# [What the exercise asks]
Word for word, transcribe the lines from the one containing "r \<tau> \<mu>" through the end of the entries, both included, and nothing else.

········

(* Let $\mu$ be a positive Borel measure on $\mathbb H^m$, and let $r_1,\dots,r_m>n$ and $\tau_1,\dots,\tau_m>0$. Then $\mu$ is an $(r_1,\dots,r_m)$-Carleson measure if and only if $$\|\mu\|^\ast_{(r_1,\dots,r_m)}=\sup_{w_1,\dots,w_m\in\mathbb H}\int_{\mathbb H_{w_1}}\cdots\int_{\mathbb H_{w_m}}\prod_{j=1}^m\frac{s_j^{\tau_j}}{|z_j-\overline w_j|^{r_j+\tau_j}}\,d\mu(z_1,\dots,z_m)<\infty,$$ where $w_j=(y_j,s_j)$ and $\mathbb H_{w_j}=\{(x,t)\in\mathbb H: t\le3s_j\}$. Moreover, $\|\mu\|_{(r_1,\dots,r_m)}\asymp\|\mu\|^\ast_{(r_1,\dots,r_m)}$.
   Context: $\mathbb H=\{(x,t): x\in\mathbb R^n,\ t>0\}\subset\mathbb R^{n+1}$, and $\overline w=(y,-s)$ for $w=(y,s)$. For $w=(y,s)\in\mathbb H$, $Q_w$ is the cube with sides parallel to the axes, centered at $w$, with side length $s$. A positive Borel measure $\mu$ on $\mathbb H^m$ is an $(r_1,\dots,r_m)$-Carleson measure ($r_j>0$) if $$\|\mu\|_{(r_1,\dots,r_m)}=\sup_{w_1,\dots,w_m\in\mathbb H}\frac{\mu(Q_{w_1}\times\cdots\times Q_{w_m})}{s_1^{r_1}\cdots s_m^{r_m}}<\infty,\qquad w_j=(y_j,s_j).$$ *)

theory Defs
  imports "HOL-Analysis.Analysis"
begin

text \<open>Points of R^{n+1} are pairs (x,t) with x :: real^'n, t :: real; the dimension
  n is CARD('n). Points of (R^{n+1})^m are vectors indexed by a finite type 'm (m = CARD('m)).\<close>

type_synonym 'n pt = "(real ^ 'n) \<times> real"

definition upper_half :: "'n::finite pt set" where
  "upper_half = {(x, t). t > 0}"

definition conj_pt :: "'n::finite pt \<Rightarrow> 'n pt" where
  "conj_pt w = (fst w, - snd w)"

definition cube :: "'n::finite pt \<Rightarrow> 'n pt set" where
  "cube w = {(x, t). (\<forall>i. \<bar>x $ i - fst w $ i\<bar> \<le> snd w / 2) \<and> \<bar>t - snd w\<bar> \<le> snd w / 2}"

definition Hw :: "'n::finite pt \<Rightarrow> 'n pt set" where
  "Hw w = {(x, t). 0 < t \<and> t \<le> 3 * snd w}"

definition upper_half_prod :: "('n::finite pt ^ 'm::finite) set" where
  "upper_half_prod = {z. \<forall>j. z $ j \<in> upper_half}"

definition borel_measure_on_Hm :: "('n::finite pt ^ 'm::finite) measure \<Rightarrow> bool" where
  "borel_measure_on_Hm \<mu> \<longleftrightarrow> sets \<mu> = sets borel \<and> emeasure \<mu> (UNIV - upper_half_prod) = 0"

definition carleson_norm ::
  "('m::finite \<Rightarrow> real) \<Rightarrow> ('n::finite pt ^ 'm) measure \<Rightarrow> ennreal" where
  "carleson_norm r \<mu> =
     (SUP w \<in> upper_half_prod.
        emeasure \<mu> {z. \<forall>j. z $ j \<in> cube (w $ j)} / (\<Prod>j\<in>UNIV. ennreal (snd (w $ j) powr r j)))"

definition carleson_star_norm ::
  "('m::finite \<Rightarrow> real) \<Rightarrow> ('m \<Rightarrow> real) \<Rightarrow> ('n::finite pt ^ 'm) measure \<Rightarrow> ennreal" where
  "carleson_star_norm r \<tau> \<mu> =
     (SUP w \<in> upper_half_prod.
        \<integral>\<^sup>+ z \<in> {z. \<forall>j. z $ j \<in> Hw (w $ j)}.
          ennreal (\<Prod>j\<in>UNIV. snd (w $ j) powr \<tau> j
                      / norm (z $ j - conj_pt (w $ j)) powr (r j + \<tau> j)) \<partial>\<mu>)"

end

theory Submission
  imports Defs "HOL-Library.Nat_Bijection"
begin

········

# [Expected answer]
  "carleson_star_norm r \<tau> \<mu> =
     (SUP w \<in> upper_half_prod.
        \<integral>\<^sup>+ z \<in> {z. \<forall>j. z $ j \<in> Hw (w $ j)}.
          ennreal (\<Prod>j\<in>UNIV. snd (w $ j) powr \<tau> j
                      / norm (z $ j - conj_pt (w $ j)) powr (r j + \<tau> j)) \<partial>\<mu>)"

end

theory Submission
  imports Defs "HOL-Library.Nat_Bijection"
begin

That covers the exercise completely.